* [Study material]
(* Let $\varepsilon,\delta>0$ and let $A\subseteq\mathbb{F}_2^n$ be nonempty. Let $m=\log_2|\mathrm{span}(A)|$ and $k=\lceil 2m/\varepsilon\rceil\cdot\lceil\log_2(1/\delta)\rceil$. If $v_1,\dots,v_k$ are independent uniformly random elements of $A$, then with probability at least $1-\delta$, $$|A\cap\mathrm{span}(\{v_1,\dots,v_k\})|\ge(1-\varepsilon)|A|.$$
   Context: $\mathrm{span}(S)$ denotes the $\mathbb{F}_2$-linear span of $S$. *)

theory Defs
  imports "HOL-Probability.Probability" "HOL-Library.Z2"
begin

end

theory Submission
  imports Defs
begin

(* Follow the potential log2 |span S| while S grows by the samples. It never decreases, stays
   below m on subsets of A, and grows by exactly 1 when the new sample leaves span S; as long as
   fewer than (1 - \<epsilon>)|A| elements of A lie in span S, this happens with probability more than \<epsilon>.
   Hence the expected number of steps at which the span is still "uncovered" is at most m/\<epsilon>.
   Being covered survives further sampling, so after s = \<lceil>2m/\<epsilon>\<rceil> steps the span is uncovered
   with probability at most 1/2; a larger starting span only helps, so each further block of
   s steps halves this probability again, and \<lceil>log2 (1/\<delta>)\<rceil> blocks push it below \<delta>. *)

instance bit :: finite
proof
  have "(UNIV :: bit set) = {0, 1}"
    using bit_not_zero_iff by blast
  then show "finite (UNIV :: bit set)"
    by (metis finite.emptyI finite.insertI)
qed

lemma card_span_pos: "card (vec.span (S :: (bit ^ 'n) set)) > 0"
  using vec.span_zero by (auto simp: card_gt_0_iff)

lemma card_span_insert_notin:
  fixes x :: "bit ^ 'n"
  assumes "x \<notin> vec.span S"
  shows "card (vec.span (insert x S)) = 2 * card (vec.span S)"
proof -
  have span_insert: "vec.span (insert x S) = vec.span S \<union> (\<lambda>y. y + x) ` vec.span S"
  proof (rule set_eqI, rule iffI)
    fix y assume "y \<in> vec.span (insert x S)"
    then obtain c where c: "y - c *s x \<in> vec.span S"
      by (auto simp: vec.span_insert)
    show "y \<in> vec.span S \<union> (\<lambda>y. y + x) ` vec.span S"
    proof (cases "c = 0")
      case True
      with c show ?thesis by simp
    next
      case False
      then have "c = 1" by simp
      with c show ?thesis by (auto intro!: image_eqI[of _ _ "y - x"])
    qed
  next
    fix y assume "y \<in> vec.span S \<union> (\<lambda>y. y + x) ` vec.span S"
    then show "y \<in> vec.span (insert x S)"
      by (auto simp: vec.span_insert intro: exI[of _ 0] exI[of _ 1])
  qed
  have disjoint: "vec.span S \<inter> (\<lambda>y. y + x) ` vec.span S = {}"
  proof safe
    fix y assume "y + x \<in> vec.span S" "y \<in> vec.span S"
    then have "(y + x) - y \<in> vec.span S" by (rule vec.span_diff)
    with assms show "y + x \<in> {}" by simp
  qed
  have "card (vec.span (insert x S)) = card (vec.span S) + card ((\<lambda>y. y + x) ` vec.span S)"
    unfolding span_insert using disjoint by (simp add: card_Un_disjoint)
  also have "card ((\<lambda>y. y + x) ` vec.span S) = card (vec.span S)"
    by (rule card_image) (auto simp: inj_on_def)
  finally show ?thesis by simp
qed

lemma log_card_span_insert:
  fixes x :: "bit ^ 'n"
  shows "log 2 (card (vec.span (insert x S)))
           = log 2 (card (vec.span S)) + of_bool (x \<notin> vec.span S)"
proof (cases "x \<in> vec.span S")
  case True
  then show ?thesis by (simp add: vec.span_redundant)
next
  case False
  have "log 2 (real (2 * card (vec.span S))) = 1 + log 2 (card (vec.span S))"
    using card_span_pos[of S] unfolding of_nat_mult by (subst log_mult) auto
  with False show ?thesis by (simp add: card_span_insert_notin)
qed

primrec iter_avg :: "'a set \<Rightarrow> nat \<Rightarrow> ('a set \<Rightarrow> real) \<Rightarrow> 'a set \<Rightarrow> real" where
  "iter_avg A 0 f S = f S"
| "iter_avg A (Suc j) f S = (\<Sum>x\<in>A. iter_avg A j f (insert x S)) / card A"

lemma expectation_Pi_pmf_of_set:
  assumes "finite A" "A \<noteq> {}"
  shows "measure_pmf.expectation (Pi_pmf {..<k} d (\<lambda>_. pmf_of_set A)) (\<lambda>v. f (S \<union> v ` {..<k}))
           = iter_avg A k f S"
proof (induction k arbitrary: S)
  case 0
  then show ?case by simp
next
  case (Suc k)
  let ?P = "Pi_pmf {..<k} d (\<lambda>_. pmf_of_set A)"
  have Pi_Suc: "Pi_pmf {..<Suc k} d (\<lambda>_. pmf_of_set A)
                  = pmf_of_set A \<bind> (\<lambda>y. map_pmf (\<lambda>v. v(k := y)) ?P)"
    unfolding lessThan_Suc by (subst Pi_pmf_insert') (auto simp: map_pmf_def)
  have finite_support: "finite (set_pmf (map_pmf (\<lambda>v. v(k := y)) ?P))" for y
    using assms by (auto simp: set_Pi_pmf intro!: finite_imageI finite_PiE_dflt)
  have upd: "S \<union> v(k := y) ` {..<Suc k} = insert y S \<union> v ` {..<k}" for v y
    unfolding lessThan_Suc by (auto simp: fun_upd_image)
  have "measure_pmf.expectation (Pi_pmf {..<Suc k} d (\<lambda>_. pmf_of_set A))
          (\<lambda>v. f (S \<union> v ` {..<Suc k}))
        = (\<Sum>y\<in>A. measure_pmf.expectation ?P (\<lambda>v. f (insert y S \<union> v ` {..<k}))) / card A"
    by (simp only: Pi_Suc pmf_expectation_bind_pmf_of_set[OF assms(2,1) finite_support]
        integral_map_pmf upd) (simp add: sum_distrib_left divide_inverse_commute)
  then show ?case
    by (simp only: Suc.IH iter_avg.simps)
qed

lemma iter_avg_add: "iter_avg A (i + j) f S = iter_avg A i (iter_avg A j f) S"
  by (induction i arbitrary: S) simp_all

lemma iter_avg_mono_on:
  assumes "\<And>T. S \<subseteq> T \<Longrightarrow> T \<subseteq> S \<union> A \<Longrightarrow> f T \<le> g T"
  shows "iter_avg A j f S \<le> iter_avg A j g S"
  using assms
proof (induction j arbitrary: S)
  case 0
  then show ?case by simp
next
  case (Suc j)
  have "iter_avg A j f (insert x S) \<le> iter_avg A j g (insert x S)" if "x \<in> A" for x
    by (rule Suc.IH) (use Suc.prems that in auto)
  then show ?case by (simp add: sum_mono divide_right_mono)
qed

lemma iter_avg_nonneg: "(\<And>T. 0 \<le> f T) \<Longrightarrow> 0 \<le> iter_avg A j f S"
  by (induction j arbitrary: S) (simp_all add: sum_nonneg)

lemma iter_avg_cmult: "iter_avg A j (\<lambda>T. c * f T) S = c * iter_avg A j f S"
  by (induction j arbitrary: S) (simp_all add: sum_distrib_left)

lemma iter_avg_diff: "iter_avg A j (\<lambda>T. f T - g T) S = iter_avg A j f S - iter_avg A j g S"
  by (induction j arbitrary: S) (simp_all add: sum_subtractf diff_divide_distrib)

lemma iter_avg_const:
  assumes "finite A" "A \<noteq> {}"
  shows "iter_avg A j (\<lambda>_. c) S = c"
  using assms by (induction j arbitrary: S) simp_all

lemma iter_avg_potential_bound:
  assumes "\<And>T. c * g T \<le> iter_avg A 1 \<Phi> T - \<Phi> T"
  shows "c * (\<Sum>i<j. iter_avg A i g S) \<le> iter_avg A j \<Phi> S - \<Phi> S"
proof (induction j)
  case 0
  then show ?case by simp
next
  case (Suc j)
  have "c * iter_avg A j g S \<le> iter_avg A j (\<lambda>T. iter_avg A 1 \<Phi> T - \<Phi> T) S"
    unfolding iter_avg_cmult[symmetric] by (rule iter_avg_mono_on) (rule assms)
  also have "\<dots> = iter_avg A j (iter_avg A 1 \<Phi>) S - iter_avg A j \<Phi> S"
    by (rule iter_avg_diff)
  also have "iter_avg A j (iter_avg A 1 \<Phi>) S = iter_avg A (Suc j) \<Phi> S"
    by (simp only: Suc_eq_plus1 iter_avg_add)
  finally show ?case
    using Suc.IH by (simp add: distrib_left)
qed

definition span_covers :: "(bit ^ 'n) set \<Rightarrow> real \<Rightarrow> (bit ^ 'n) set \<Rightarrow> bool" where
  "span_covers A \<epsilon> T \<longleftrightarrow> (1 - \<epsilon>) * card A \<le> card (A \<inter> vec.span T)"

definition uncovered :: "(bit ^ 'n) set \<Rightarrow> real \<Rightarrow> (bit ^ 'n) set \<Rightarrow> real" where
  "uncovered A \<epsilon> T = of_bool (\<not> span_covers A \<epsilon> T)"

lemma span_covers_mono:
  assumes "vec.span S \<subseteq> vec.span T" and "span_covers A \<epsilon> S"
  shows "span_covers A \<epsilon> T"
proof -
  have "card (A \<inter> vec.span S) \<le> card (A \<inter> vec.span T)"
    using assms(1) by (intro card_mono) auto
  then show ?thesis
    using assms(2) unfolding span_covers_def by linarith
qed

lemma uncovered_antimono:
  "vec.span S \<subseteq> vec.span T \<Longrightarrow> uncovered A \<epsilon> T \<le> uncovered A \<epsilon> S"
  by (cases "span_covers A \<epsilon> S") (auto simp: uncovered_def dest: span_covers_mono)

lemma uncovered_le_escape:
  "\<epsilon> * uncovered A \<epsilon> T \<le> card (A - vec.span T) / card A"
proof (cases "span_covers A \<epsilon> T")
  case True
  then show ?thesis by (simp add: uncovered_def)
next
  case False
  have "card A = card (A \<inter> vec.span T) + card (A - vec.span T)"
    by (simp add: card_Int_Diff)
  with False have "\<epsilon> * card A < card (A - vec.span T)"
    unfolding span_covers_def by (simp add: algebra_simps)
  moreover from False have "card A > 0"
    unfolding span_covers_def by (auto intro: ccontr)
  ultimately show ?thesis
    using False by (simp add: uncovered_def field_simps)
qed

* [Brief] State how many lines of the records contain the string "intro". The number is the whole answer.

* [Worked solution] 5